Stored items:
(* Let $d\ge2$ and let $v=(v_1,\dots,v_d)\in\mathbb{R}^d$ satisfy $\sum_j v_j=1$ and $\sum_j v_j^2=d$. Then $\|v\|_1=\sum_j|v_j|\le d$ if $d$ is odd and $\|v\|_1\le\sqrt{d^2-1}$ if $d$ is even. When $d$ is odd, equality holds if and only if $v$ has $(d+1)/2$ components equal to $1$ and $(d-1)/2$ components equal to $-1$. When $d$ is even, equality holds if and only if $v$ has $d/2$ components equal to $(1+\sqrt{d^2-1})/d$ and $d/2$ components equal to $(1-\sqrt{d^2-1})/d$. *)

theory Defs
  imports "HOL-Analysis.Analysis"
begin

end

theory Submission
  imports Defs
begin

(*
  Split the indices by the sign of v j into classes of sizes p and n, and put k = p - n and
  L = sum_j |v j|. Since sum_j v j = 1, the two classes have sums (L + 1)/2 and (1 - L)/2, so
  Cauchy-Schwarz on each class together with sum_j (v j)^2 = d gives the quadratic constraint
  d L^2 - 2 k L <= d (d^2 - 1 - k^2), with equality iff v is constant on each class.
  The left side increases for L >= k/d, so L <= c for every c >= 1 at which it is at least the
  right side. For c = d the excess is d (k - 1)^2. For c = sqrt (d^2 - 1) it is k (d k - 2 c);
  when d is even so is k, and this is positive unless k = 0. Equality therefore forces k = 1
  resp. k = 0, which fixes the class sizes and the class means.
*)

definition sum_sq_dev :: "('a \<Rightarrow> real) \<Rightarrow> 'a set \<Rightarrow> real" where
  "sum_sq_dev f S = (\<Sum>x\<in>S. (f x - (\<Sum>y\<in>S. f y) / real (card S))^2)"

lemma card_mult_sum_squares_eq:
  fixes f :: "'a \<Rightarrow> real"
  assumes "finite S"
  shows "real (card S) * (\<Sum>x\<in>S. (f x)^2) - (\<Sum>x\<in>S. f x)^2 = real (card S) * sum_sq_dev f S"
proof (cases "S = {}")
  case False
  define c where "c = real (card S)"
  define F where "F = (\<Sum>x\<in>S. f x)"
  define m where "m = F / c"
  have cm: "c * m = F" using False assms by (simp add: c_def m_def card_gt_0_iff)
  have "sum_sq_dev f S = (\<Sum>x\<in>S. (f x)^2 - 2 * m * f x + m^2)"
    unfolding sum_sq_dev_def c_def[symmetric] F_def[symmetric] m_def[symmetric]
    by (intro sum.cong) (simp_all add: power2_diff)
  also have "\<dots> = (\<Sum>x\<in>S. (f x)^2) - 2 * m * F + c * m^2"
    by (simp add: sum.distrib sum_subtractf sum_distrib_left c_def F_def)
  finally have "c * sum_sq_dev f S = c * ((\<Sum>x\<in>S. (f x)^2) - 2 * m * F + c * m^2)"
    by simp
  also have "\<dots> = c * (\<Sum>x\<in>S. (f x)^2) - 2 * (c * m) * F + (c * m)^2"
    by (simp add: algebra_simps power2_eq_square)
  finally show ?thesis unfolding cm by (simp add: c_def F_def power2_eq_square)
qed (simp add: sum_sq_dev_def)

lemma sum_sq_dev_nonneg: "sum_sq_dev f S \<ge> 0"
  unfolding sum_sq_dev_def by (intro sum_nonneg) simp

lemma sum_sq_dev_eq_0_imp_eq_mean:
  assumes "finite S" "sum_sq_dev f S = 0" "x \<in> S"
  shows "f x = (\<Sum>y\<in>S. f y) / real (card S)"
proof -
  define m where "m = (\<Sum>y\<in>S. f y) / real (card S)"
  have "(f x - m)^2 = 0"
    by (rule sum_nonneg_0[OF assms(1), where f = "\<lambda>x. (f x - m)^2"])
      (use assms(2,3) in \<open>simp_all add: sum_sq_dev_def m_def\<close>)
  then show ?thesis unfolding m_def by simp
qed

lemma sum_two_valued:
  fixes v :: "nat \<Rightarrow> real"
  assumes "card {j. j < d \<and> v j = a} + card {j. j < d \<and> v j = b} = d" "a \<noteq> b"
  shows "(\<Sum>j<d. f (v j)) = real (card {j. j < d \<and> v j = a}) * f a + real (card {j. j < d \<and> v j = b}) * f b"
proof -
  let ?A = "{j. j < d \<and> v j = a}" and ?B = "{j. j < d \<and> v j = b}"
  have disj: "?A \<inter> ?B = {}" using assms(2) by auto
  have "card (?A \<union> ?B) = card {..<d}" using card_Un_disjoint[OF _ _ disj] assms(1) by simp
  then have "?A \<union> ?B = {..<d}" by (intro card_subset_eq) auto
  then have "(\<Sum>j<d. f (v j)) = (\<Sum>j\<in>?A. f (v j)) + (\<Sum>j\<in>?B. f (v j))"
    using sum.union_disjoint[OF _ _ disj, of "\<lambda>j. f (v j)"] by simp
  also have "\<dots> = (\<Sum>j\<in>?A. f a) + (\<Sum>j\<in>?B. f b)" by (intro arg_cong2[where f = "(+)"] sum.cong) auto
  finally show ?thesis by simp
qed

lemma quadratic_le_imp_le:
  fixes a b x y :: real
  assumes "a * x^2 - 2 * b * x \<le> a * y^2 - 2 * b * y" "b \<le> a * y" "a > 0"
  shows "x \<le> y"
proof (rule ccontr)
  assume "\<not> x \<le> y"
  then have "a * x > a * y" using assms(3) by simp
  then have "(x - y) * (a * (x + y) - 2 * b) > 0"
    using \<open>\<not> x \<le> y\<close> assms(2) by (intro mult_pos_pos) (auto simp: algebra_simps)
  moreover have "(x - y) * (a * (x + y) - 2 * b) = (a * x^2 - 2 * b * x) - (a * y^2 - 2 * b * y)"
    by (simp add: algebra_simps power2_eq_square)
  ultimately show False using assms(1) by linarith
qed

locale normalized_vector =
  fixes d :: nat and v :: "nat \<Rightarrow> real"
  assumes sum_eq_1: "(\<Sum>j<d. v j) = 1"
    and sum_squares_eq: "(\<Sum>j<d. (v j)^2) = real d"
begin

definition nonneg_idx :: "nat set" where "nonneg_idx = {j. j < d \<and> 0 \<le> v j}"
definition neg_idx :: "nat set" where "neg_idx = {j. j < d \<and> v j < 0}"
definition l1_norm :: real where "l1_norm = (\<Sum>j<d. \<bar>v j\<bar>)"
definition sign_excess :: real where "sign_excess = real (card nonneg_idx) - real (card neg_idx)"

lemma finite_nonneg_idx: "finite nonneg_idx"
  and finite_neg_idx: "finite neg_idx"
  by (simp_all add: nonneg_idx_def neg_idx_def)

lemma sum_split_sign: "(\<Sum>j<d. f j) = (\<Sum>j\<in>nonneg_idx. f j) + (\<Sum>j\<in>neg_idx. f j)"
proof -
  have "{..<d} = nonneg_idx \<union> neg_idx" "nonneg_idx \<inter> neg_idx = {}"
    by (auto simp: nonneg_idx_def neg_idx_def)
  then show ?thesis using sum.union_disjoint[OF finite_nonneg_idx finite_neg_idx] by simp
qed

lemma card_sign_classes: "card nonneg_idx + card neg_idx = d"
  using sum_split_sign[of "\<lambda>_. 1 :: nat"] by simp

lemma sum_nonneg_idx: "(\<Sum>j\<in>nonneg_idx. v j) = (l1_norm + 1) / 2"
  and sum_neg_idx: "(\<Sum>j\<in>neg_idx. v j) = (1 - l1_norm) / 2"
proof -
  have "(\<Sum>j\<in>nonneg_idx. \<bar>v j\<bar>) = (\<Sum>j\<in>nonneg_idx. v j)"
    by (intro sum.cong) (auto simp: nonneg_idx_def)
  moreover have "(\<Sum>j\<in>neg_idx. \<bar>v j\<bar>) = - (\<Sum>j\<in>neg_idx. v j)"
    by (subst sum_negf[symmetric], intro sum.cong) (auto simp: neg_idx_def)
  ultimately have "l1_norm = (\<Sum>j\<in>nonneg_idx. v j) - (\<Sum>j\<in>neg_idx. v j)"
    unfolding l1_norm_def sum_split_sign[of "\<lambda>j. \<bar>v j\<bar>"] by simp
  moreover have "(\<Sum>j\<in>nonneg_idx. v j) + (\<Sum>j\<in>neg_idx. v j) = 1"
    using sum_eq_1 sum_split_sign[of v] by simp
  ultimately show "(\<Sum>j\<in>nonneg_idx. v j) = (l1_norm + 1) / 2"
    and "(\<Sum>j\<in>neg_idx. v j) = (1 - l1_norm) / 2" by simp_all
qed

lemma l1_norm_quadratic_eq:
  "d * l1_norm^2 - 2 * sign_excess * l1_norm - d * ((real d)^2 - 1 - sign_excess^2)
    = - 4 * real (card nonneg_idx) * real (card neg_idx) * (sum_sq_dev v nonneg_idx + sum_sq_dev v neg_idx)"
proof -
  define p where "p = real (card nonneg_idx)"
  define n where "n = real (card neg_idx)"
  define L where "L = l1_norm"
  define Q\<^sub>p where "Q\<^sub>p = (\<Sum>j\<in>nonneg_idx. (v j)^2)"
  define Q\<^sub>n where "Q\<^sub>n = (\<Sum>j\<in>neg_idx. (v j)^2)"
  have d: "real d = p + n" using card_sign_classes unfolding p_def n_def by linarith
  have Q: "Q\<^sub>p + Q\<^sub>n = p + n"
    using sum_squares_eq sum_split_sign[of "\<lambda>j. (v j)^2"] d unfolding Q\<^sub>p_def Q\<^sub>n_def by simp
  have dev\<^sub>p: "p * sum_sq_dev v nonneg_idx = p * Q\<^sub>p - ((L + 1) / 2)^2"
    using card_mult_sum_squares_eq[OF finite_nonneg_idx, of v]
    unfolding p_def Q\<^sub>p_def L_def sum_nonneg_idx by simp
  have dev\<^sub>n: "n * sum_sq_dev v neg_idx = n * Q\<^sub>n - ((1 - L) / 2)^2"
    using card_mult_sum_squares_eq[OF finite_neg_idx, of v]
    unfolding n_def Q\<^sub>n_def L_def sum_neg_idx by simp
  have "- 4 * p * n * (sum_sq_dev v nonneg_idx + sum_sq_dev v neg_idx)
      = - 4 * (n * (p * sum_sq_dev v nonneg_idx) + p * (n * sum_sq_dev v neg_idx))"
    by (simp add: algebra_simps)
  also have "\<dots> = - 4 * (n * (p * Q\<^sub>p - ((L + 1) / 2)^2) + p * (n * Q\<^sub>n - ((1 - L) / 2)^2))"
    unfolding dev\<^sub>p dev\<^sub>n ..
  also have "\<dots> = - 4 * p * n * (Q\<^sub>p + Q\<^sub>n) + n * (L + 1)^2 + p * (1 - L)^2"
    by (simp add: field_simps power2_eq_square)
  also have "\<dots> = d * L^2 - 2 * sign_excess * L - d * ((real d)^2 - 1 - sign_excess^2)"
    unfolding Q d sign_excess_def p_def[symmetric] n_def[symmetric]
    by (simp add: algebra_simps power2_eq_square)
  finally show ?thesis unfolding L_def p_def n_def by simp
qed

---

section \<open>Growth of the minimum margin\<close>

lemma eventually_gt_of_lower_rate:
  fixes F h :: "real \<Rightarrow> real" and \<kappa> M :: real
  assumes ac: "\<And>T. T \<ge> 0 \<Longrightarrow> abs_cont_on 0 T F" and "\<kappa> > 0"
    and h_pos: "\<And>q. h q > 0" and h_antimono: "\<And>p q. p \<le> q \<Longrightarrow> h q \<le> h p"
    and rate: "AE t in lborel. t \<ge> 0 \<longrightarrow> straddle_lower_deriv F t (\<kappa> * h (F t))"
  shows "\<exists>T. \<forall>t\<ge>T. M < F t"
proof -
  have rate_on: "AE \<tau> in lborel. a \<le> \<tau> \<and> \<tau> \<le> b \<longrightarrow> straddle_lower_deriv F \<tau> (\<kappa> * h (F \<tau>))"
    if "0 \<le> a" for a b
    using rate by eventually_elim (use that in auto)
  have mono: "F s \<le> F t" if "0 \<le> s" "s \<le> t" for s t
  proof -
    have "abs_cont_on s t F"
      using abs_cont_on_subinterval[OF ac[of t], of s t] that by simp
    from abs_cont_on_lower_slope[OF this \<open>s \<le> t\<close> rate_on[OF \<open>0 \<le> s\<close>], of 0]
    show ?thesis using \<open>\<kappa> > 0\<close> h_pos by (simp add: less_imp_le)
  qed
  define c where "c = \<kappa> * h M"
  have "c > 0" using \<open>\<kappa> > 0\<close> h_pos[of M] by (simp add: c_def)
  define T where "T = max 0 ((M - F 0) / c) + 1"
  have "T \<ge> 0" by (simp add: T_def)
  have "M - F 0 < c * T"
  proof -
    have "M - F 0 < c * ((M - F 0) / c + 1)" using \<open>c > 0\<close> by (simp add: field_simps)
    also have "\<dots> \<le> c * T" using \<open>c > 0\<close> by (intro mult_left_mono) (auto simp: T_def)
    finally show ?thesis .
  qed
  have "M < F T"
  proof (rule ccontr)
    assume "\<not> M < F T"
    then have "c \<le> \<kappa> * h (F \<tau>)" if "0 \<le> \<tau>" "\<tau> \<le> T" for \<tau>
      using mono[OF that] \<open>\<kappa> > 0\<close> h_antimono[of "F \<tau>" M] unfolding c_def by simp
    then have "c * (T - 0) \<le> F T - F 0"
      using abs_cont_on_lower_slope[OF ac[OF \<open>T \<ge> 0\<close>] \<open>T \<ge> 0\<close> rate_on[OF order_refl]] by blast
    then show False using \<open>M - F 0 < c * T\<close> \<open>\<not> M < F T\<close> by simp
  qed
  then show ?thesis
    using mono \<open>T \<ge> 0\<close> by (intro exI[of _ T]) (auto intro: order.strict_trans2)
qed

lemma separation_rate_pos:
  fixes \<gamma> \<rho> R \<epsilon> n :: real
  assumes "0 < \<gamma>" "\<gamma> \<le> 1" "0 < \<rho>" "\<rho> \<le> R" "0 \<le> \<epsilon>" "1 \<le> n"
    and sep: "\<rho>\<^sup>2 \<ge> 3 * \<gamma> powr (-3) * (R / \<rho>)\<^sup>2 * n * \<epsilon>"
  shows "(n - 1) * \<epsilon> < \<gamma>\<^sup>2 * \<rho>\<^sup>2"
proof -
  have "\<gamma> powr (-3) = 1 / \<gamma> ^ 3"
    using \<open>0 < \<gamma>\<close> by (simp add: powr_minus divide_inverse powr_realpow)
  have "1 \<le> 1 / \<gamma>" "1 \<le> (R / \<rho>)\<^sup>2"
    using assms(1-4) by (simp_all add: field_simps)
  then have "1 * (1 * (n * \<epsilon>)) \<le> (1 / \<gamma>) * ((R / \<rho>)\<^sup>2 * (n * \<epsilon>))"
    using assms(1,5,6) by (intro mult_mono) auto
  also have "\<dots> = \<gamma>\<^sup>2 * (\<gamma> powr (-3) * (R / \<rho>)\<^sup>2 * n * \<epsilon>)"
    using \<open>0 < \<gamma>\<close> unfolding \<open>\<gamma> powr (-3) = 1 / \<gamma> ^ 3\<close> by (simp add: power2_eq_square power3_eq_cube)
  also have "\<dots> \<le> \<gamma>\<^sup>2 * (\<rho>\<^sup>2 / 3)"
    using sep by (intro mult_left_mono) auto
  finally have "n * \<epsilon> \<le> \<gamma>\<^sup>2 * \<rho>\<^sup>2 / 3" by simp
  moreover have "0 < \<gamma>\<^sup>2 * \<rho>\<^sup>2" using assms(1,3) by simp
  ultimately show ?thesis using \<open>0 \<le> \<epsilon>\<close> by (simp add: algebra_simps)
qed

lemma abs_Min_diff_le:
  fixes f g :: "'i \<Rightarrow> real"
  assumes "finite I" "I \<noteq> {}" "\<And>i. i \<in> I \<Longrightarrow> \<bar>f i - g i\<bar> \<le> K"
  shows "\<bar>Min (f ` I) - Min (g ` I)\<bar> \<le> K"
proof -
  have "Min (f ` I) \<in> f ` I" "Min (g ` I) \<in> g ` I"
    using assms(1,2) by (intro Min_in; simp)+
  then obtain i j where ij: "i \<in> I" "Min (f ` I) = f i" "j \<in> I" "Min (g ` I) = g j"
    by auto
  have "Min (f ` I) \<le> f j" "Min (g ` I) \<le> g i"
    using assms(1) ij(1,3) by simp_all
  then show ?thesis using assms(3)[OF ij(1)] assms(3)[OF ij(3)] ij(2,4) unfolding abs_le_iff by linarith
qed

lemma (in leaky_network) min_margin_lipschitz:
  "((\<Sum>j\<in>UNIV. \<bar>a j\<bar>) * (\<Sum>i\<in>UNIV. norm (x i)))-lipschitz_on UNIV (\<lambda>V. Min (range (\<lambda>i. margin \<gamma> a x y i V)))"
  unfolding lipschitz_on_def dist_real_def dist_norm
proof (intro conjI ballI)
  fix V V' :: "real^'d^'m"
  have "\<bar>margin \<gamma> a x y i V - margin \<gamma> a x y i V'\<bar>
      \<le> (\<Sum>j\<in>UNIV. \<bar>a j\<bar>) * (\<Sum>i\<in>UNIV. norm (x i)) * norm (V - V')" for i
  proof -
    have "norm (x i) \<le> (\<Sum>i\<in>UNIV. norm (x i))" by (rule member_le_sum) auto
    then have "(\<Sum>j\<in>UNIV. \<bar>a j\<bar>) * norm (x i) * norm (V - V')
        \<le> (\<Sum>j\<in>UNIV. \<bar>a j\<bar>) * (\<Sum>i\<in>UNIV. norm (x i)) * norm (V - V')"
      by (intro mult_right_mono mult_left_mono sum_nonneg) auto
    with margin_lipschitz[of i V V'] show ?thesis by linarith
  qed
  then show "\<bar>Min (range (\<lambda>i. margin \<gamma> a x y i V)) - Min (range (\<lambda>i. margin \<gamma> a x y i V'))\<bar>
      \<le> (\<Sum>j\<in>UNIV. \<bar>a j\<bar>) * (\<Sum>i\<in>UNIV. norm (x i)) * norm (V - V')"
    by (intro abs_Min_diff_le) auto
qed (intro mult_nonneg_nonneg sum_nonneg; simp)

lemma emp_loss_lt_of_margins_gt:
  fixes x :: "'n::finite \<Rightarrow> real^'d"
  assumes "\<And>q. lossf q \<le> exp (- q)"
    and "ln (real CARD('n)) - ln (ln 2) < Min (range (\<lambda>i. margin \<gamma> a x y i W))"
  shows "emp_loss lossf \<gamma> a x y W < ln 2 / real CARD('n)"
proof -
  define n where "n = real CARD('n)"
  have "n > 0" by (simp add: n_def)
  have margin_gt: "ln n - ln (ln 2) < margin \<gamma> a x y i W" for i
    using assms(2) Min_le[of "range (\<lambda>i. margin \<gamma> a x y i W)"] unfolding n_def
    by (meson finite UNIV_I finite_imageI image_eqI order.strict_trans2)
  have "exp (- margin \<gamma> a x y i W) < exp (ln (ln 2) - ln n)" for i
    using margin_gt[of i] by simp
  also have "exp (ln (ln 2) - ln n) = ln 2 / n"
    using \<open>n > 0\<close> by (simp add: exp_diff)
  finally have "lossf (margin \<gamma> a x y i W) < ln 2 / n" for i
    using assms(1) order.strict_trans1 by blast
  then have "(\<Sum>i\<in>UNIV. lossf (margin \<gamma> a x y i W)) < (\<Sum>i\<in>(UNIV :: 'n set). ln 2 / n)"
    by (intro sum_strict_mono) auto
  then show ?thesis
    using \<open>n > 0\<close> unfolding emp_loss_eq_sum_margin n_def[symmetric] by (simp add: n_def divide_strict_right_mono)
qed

### Your task
Give only a number, the count of lines above that include the string "side".

### Worked solution
2